Further, since the lip portion defining each opening 82 is formed in a fan shape and has a certain length in the circumferential direction, the outer port 66 of the rotor 52 does not have to be precisely aligned with the port 70. However, the ports 66 and 70 can be communicated with each other. Therefore, the assembly accuracy of the parts and the control of the motor 50 can be simplified.

Although a specific embodiment of the present invention has been described above, the present invention is not limited to this, and various design changes can be made. For example, the number of ports of the rotary valve can be appropriately increased or decreased, and the port arrangement can be appropriately changed. The arrangement of the opening of the lip packing can be changed accordingly.

[0025]

As described above, according to the lip packing of the present invention, it is possible to prevent air bubbles from being taken into the port of the rotary valve and improve the analysis accuracy.

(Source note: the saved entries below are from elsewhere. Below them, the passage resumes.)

lemma baire_space_Inter_meets_open:
  fixes W :: "nat \<Rightarrow> 'a set"
  assumes "baire_space X" "openin X U" "U \<noteq> {}"
    and "\<And>n. openin X (W n)" "\<And>n. U \<subseteq> X closure_of W n"
  shows "U \<inter> (\<Inter>n. W n) \<noteq> {}"
proof -
  define D where "D n = W n \<union> (topspace X - X closure_of U)" for n
  have dense: "dense_in_top X (D n)" for n
  proof -
    have "X closure_of U \<subseteq> X closure_of W n"
      using assms(5) closedin_closure_of closure_of_minimal by blast
    moreover have "topspace X - X closure_of U \<subseteq> X closure_of (topspace X - X closure_of U)"
      by (rule closure_of_subset) blast
    ultimately have "topspace X \<subseteq> X closure_of D n"
      unfolding D_def closure_of_Un by auto
    then show ?thesis
      unfolding dense_in_top_def by (simp add: closure_of_subset_topspace subset_antisym)
  qed
  moreover have "openin X (D n)" for n
    unfolding D_def using assms(4) by (simp add: openin_Un openin_diff)
  ultimately have "dense_in_top X (\<Inter>n. D n)"
    using assms(1) unfolding baire_space_def by blast
  then have "(\<Inter>n. D n) \<inter> U \<noteq> {}"
    using assms(2,3) unfolding dense_in_top_def dense_intersects_open by simp
  then obtain y where "y \<in> U" "\<And>n. y \<in> D n"
    by blast
  moreover have "y \<in> X closure_of U"
    using \<open>y \<in> U\<close> assms(2) closure_of_subset openin_subset by (metis subsetD)
  ultimately show ?thesis unfolding D_def by blast
qed

lemma bm_legal_hist_snoc:
  "bm_legal_hist X \<sigma> (p @ [V]) \<longleftrightarrow> bm_legal_hist X \<sigma> p \<and> openin X V \<and> V \<noteq> {} \<and> V \<subseteq> \<sigma> p"
  unfolding bm_legal_hist_def by (auto simp: nth_append less_Suc_eq)

lemma bm_alice_strategy_response:
  assumes "bm_alice_strategy X \<sigma>" "bm_legal_hist X \<sigma> p"
  shows "openin X (\<sigma> p)" "\<sigma> p \<noteq> {}" "p \<noteq> [] \<Longrightarrow> \<sigma> p \<subseteq> last p"
  using assms unfolding bm_alice_strategy_def by auto

definition bm_successors ::
  "'a topology \<Rightarrow> ('a set list \<Rightarrow> 'a set) \<Rightarrow> 'a set list set \<Rightarrow> 'a set list set" where
  "bm_successors X \<sigma> T = {q. bm_legal_hist X \<sigma> q \<and> q \<noteq> [] \<and> butlast q \<in> T}"

locale bm_oxtoby_tree =
  fixes X :: "'a topology" and \<sigma> :: "'a set list \<Rightarrow> 'a set" and T :: "nat \<Rightarrow> 'a set list set"
  assumes strategy: "bm_alice_strategy X \<sigma>"
    and level_0: "T 0 = {[]}"
    and level_Suc_subset: "T (Suc n) \<subseteq> bm_successors X \<sigma> (T n)"
    and level_disjoint: "pairwise (\<lambda>p q. disjnt (\<sigma> p) (\<sigma> q)) (T n)"
    and level_maximal: "q \<in> bm_successors X \<sigma> (T n) \<Longrightarrow> \<exists>p\<in>T (Suc n). \<not> disjnt (\<sigma> q) (\<sigma> p)"
begin

lemma level_legal: "p \<in> T n \<Longrightarrow> bm_legal_hist X \<sigma> p \<and> length p = n"
proof (induction n arbitrary: p)
  case 0
  then show ?case using level_0 by (simp add: bm_legal_hist_def)
next
  case (Suc n)
  then have p: "bm_legal_hist X \<sigma> p" "p \<noteq> []" "butlast p \<in> T n"
    using level_Suc_subset by (auto simp: bm_successors_def)
  then have "length (butlast p) = n"
    using Suc.IH by blast
  with p show ?case by (cases p rule: rev_cases) auto
qed

lemma level_open: "openin X (\<Union>(\<sigma> ` T n))"
  using level_legal bm_alice_strategy_response(1)[OF strategy] by blast

lemma level_response_unique: "p \<in> T n \<Longrightarrow> q \<in> T n \<Longrightarrow> x \<in> \<sigma> p \<Longrightarrow> x \<in> \<sigma> q \<Longrightarrow> p = q"
  using level_disjoint[of n] unfolding pairwise_def disjnt_def by blast

lemma level_parent:
  assumes "q \<in> T (Suc n)" "p \<in> T n" "x \<in> \<sigma> q" "x \<in> \<sigma> p"
  shows "butlast q = p"
proof -
  have q: "bm_legal_hist X \<sigma> q" "q \<noteq> []" "butlast q \<in> T n"
    using assms(1) level_Suc_subset by (auto simp: bm_successors_def)
  then have "last q \<subseteq> \<sigma> (butlast q)"
    using bm_legal_hist_snoc[of X \<sigma> "butlast q" "last q"] by simp
  moreover have "\<sigma> q \<subseteq> last q"
    using q bm_alice_strategy_response(3)[OF strategy] by blast
  ultimately show ?thesis
    using q(3) assms level_response_unique by blast
qed

lemma level_subset_closure_level_Suc: "\<Union>(\<sigma> ` T n) \<subseteq> X closure_of \<Union>(\<sigma> ` T (Suc n))"
proof
  fix x assume "x \<in> \<Union>(\<sigma> ` T n)"
  then obtain p where p: "p \<in> T n" "x \<in> \<sigma> p" by blast
  have p_legal: "bm_legal_hist X \<sigma> p" and p_open: "openin X (\<sigma> p)"
    using p(1) level_legal bm_alice_strategy_response(1)[OF strategy] by blast+
  show "x \<in> X closure_of \<Union>(\<sigma> ` T (Suc n))"
    unfolding in_closure_of
  proof (intro conjI allI impI)
    show "x \<in> topspace X" using p p_open openin_subset by blast
    fix V assume V: "x \<in> V \<and> openin X V"
    \<comment> \<open>Bob's move \<open>V \<inter> \<sigma> p\<close> after \<open>p\<close> is a successor, so its answer meets an answer on the next level.\<close>
    define q where "q = p @ [V \<inter> \<sigma> p]"
    have "q \<in> bm_successors X \<sigma> (T n)"
      using p V p_legal p_open by (auto simp: q_def bm_successors_def bm_legal_hist_snoc)
    then obtain r where "r \<in> T (Suc n)" "\<not> disjnt (\<sigma> q) (\<sigma> r)"
      using level_maximal by blast
    moreover have "\<sigma> q \<subseteq> V"
      using \<open>q \<in> bm_successors X \<sigma> (T n)\<close> bm_alice_strategy_response(3)[OF strategy]
      by (fastforce simp: q_def bm_successors_def)
    ultimately show "\<exists>y. y \<in> \<Union>(\<sigma> ` T (Suc n)) \<and> y \<in> V"
      unfolding disjnt_def by blast
  qed
qed

lemma first_move_subset_closure_level: "\<sigma> [] \<subseteq> X closure_of \<Union>(\<sigma> ` T n)"
proof (induction n)
  case 0
  have "openin X (\<sigma> [])"
    using bm_alice_strategy_response(1)[OF strategy] by (simp add: bm_legal_hist_def)
  then show ?case using level_0 closure_of_subset[OF openin_subset] by simp
next
  case (Suc n)
  have "X closure_of \<Union>(\<sigma> ` T n) \<subseteq> X closure_of \<Union>(\<sigma> ` T (Suc n))"
    using level_subset_closure_level_Suc by (simp add: closure_of_minimal)
  then show ?case using Suc by blast
qed

lemma branch_through:
  assumes "\<And>n. x \<in> \<Union>(\<sigma> ` T n)"
  obtains B where "\<And>n. bm_legal_hist X \<sigma> (map B [0..<n])" "\<And>n. x \<in> B n"
proof -
  have "\<forall>n. \<exists>p. p \<in> T n \<and> x \<in> \<sigma> p"
    using assms by blast
  then obtain P where P: "\<And>n. P n \<in> T n" "\<And>n. x \<in> \<sigma> (P n)"
    by metis
  have "length (P n) = n" for n
    using P(1) level_legal by blast
  moreover have "butlast (P (Suc n)) = P n" for n
    using level_parent[OF P(1) P(1) P(2) P(2)] .
  ultimately have P_eq: "P n = map (\<lambda>k. last (P (Suc k))) [0..<n]" for n
    by (rule butlast_chain_eq_map_last)
  show thesis
  proof (rule that)
    show "bm_legal_hist X \<sigma> (map (\<lambda>k. last (P (Suc k))) [0..<n])" for n
      using P(1) level_legal P_eq by metis
    show "x \<in> last (P (Suc n))" for n
    proof -
      have "bm_legal_hist X \<sigma> (P (Suc n))" "P (Suc n) \<noteq> []"
        using level_legal[OF P(1)[of "Suc n"]] by auto
      then show ?thesis
        using P(2) bm_alice_strategy_response(3)[OF strategy] by blast
    qed
  qed
qed

end

lemma bm_oxtoby_tree_exists:
  assumes "bm_alice_strategy X \<sigma>"
  obtains T where "bm_oxtoby_tree X \<sigma> T"
proof -
  have "\<exists>F. F \<subseteq> bm_successors X \<sigma> S \<and> pairwise (\<lambda>p q. disjnt (\<sigma> p) (\<sigma> q)) F \<and>
      (\<forall>q\<in>bm_successors X \<sigma> S. \<exists>p\<in>F. \<not> disjnt (\<sigma> q) (\<sigma> p))" for S
  proof -
    obtain F where F: "F \<subseteq> bm_successors X \<sigma> S" "pairwise (\<lambda>p q. disjnt (\<sigma> p) (\<sigma> q)) F"
      and maximal: "\<And>q. q \<in> bm_successors X \<sigma> S \<Longrightarrow> \<sigma> q \<noteq> {} \<Longrightarrow> \<exists>p\<in>F. \<not> disjnt (\<sigma> q) (\<sigma> p)"
      using exists_maximal_disjoint_subfamily[where S = "bm_successors X \<sigma> S" and f = \<sigma>] by blast
    have "\<sigma> q \<noteq> {}" if "q \<in> bm_successors X \<sigma> S" for q
      using that bm_alice_strategy_response(2)[OF assms] by (simp add: bm_successors_def)
    with F maximal show ?thesis
      by (intro exI[of _ F]) blast
  qed
  then obtain next_level where next_level:
    "\<And>S. next_level S \<subseteq> bm_successors X \<sigma> S"
    "\<And>S. pairwise (\<lambda>p q. disjnt (\<sigma> p) (\<sigma> q)) (next_level S)"
    "\<And>S q. q \<in> bm_successors X \<sigma> S \<Longrightarrow> \<exists>p\<in>next_level S. \<not> disjnt (\<sigma> q) (\<sigma> p)"
    by metis
  define T where "T = rec_nat {[]} (\<lambda>_. next_level)"
  have "bm_oxtoby_tree X \<sigma> T"
  proof unfold_locales
    show "pairwise (\<lambda>p q. disjnt (\<sigma> p) (\<sigma> q)) (T n)" for n
      using next_level(2) by (cases n) (simp_all add: T_def)
  qed (use assms next_level in \<open>simp_all add: T_def\<close>)
  then show thesis by (rule that)
qed

theorem baire_space_imp_not_alice_wins_BM:
  assumes "baire_space X"
  shows "\<not> alice_wins_BM X"
proof
  assume "alice_wins_BM X"
  then obtain \<sigma> where strategy: "bm_alice_strategy X \<sigma>"
    and winning: "\<And>B. \<forall>n. bm_legal_hist X \<sigma> (map B [0..<n]) \<Longrightarrow> (\<Inter>n. B n) = {}"
    unfolding alice_wins_BM_def bm_alice_winning_def by blast
  obtain T where "bm_oxtoby_tree X \<sigma> T"
    using bm_oxtoby_tree_exists[OF strategy] by blast
  then interpret bm_oxtoby_tree X \<sigma> T .
  have "openin X (\<sigma> [])" "\<sigma> [] \<noteq> {}"
    using bm_alice_strategy_response[OF strategy] by (auto simp: bm_legal_hist_def)
  then have "\<sigma> [] \<inter> (\<Inter>n. \<Union>(\<sigma> ` T n)) \<noteq> {}"
    using level_open first_move_subset_closure_level by (rule baire_space_Inter_meets_open[OF assms])
  then obtain x where "\<And>n. x \<in> \<Union>(\<sigma> ` T n)"
    by blast
  then obtain B where "\<And>n. bm_legal_hist X \<sigma> (map B [0..<n])" "\<And>n. x \<in> B n"
    using branch_through by blast
  then show False using winning by blast
qed

lemma bmc_legal_hist_mono:
  assumes "\<And>C. P C \<Longrightarrow> Q C" "bmc_legal_hist P X A0 \<sigma> bs"
  shows "bmc_legal_hist Q X A0 \<sigma> bs"
  using assms unfolding bmc_legal_hist_def by blast

lemma bmc_alice_winning_mono:
  assumes "\<And>C. P C \<Longrightarrow> Q C" "bmc_alice_winning Q X A0 \<sigma>"
  shows "bmc_alice_winning P X A0 \<sigma>"
proof -
  have legal: "bmc_legal_hist Q X A0 \<sigma> bs" if "bmc_legal_hist P X A0 \<sigma> bs" for bs
    using assms(1) that by (rule bmc_legal_hist_mono)
  have "bmc_alice_strategy P X A0 \<sigma>"
    using assms(2) legal unfolding bmc_alice_winning_def bmc_alice_strategy_def by simp
  moreover have "(\<Inter>n. \<Union>(Bs n)) = {}" if "\<forall>n. bmc_legal_hist P X A0 \<sigma> (map Bs [0..<n])" for Bs
    using assms(2) legal that unfolding bmc_alice_winning_def by simp
  ultimately show ?thesis
    unfolding bmc_alice_winning_def by blast
qed

definition bm_singleton_strategy ::
  "'a set \<Rightarrow> ('a set set list \<Rightarrow> 'a set \<Rightarrow> 'a set) \<Rightarrow> 'a set list \<Rightarrow> 'a set" where
  "bm_singleton_strategy A0 \<sigma> bs = (if bs = [] then A0 else \<sigma> (map (\<lambda>B. {B}) bs) (last bs))"

lemma alice_moves_singletons:
  assumes "k \<le> length bs"
  shows "\<Union>(alice_moves A0 \<sigma> (map (\<lambda>B. {B}) bs) k) = bm_singleton_strategy A0 \<sigma> (take k bs)"
proof (cases k)
  case 0
  then show ?thesis by (simp add: alice_moves_def bm_singleton_strategy_def)
next
  case (Suc j)
  then have "take k bs = take j bs @ [bs ! j]"
    using assms by (simp add: take_Suc_conv_app_nth)
  then show ?thesis
    using Suc assms by (simp add: alice_moves_def bm_singleton_strategy_def take_map)
qed

lemma bm_legal_hist_imp_bmc_legal_hist_singletons:
  assumes "\<And>B. P {B}" "bm_legal_hist X (bm_singleton_strategy A0 \<sigma>) bs"
  shows "bmc_legal_hist P X A0 \<sigma> (map (\<lambda>B. {B}) bs)"
  using assms alice_moves_singletons[of _ bs A0 \<sigma>]
  unfolding bm_legal_hist_def bmc_legal_hist_def by simp

lemma bmc_alice_winning_imp_bm_alice_winning:
  assumes singletons: "\<And>B. P {B}" and winning: "bmc_alice_winning P X A0 \<sigma>"
  shows "bm_alice_winning X (bm_singleton_strategy A0 \<sigma>)"
  unfolding bm_alice_winning_def
proof (intro conjI allI impI)
  let ?\<tau> = "bm_singleton_strategy A0 \<sigma>"
  have strategy: "bmc_alice_strategy P X A0 \<sigma>"
    using winning unfolding bmc_alice_winning_def by blast
  show "bm_alice_strategy X ?\<tau>"
    unfolding bm_alice_strategy_def
  proof (intro allI impI)
    fix bs assume legal: "bm_legal_hist X ?\<tau> bs"
    show "openin X (?\<tau> bs) \<and> ?\<tau> bs \<noteq> {} \<and> (bs \<noteq> [] \<longrightarrow> ?\<tau> bs \<subseteq> last bs)"
    proof (cases "bs = []")
      case True
      then show ?thesis using strategy by (simp add: bm_singleton_strategy_def bmc_alice_strategy_def)
    next
      case False
      then have "last bs \<in> last (map (\<lambda>B. {B}) bs)"
        by (simp add: last_map)
      with False strategy bm_legal_hist_imp_bmc_legal_hist_singletons[of P, OF singletons legal]
      show ?thesis
        unfolding bmc_alice_strategy_def bm_singleton_strategy_def by simp
    qed
  qed
  fix B :: "nat \<Rightarrow> 'a set"
  assume "\<forall>n. bm_legal_hist X ?\<tau> (map B [0..<n])"
  then have "bmc_legal_hist P X A0 \<sigma> (map (\<lambda>n. {B n}) [0..<n])" for n
    using bm_legal_hist_imp_bmc_legal_hist_singletons[of P, OF singletons, of X A0 \<sigma> "map B [0..<n]"]
    by (simp add: comp_def)
  then have "(\<Inter>n. \<Union>{B n}) = {}"
    using winning unfolding bmc_alice_winning_def by blast
  then show "(\<Inter>n. B n) = {}" by simp
qed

When the lip of the lip packing is formed in a fan shape, it is possible to simplify assembly accuracy of parts and control of the motor.

[Brief description of drawings]

FIG. 1 is an exploded perspective view of a syringe pump rotary valve module to which the lip packing of the present invention can be applied.

FIG. 2 is a sectional view taken along line 2-2 of FIG.

FIG. 3 is a plan view of the lip packing of the present invention.

4 is a cross-sectional view of the lip packing taken along line 4-4 of FIG.

5 is a plan view taken along line 5-5 of FIG.

6 is a development view of a cross section taken along line 6-6 of FIG.

FIG. 7 is a development view similar to FIG. 5 and shows a case where a packing of the related art is used.

[Explanation of reference symbols] 14: Rotary valve 52: Rotary valve rotor 54: Rotary valve stationary member 60: Lip packing 82: Lip packing opening 86: Lip packing lip

Claims (3)

[Claims] 1. Used for sealing between a rotor static member and a rotor having a plurality of ports arranged circumferentially, and engaging the rotor with an opening corresponding to each port of the static member. A lip packing for a rotary valve, characterized in that, in a lip packing having a lip, adjacent openings are partitioned by a common lip. 2. The lip packing according to claim 1, wherein the lip defining the opening is fan-shaped in a plan view. 3. A lip packing according to claim 1 or 2 having a lip which engages said stationary member.